Cree Rovers
- Full name: Cree Rovers Football Club
- Founded: 1878
- Dissolved: 1881
- Ground: Barn Park
- President and Captain: D. M'Arthur
- Secretary: James Matthews
| Home colours |

= Cree Rovers F.C. =

Former association football club in Scotland

Cree Rovers F.C. was an association football club from Newton Stewart, Wigtownshire, Scotland.

== History ==

The club was founded in January 1878, and was named after the River Cree.

The Rovers entered the Scottish Cup four times, but only played in the competition twice. In 1878–79, the club had a walkover in the first round, but lost 3–0 at home to Queen of the South Wanderers in the second. In 1879–80, the Rovers lost 2–0 at home to Stranraer.

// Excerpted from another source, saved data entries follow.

lemma leg_edge_neighbour_of_non_hub:
  assumes "{x, y} \<in> leg_edges" "x \<notin> hubs"
  shows "y = vx ((x div Suc k - m - 1) div (s - 2)) k"
proof -
  obtain b j where e: "{x, y} = {vx b k, vx (leg b j) 0}" "b < m" "j < s - 2"
    using assms(1) unfolding leg_edges_def by blast
  have "x \<noteq> vx b k" using assms(2) e(2) unfolding hubs_def by blast
  then have "x = vx (leg b j) 0" "y = vx b k" using e(1) by (auto simp: doubleton_eq_iff)
  then show ?thesis using leg_div[OF e(3)] by simp
qed

lemma degree_hub_graph_le: "degree hub_graph x \<le> s"
proof (cases "x \<in> hubs")
  case True
  then obtain b where x: "x = vx b k" unfolding hubs_def by blast
  let ?legs = "(\<lambda>j. vx (leg b j) 0) ` {..<s - 2}"
  have "degree hub_graph x \<le> card ({x - 1, Suc x} \<union> ?legs)"
    using successor_edge_neighbour leg_edge_neighbour_of_hub x
    by (intro degree_le_card simple_hub_graph) (auto simp: adj_def)
  also have "\<dots> \<le> card {x - 1, Suc x} + card ?legs" by (rule card_Un_le)
  also have "\<dots> \<le> 2 + (s - 2)"
    by (intro add_mono card_image_le[THEN order_trans]) (auto simp: card_insert_if)
  finally show ?thesis using s_ge_3 by simp
next
  case False
  let ?hub = "vx ((x div Suc k - m - 1) div (s - 2)) k"
  have "degree hub_graph x \<le> card {x - 1, Suc x, ?hub}"
    using successor_edge_neighbour leg_edge_neighbour_of_non_hub False
    by (intro degree_le_card simple_hub_graph) (auto simp: adj_def)
  also have "\<dots> \<le> 3" by (simp add: card_insert_if)
  finally show ?thesis using s_ge_3 by simp
qed

lemma in_Gclass_hub_graph: "in_Gclass 1 s hub_graph"
  unfolding in_Gclass_def
proof (intro conjI ballI)
  fix x assume x: "x \<in> verts hub_graph"
  obtain y where "y \<in> V" "y \<noteq> x" using zero_in_V one_in_V by (cases "x = 0") auto
  then obtain z where "adj hub_graph x z"
    using connected_graph_ex_adj[OF connected_hub_graph] x by auto
  then show "1 \<le> degree hub_graph x"
    using degree_pos[OF simple_hub_graph] by (simp add: Suc_le_eq)
  show "degree hub_graph x \<le> s" by (rule degree_hub_graph_le)
qed (rule simple_hub_graph)

lemma edge_avoiding_hubs:
  assumes "e \<in> edges hub_graph" "e \<inter> hubs = {}"
  obtains q r where "Suc r < k" "e = {vx q r, vx q (Suc r)}"
proof -
  have "e \<notin> leg_edges" using assms(2) unfolding leg_edges_def hubs_def by blast
  then obtain x where x: "e = {x, Suc x}" "x \<in> V" "Suc x \<in> V"
    using assms(1) unfolding edges_hub_graph successor_edges_def by blast
  have not_hub: "vx b k \<notin> e" if "b < m" for b
    using assms(2) that unfolding hubs_def by blast
  from x(2) obtain q r where qr: "x = vx q r" "r < k"
    by (cases rule: V_cases) (use not_hub x(1) in auto)
  have "Suc r \<noteq> k"
  proof
    assume "Suc r = k"
    then have "vx q k \<in> e" using qr x(1) Suc_vx[of q r] by simp
    moreover have "q < m" using \<open>Suc r = k\<close> qr x(3) Suc_vx[of q r] hub_in_V_iff by simp
    ultimately show False using not_hub by blast
  qed
  with qr have "Suc r < k" by simp
  then show thesis using x(1) qr(1) Suc_vx[of q r] by (intro that[of r q]) simp_all
qed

The club entered in both 1880–81 and 1881–82, but scratched from the 1880–81 competition, and had definitely disbanded before the 1881–82 competition, with most of the club members having joined the new Newton Stewart club. The last recorded match for the club was against a Wigtownshire select side towards the end of the 1880–81 season.

==Colours==

The club played in blue and red hoops with white knickerbockers and blue hose, except in its first season, in which the knickerbockers were navy.

==Ground==

The club played at Barn Park, Kirroughtree, and had its club house at the Cree Hotel.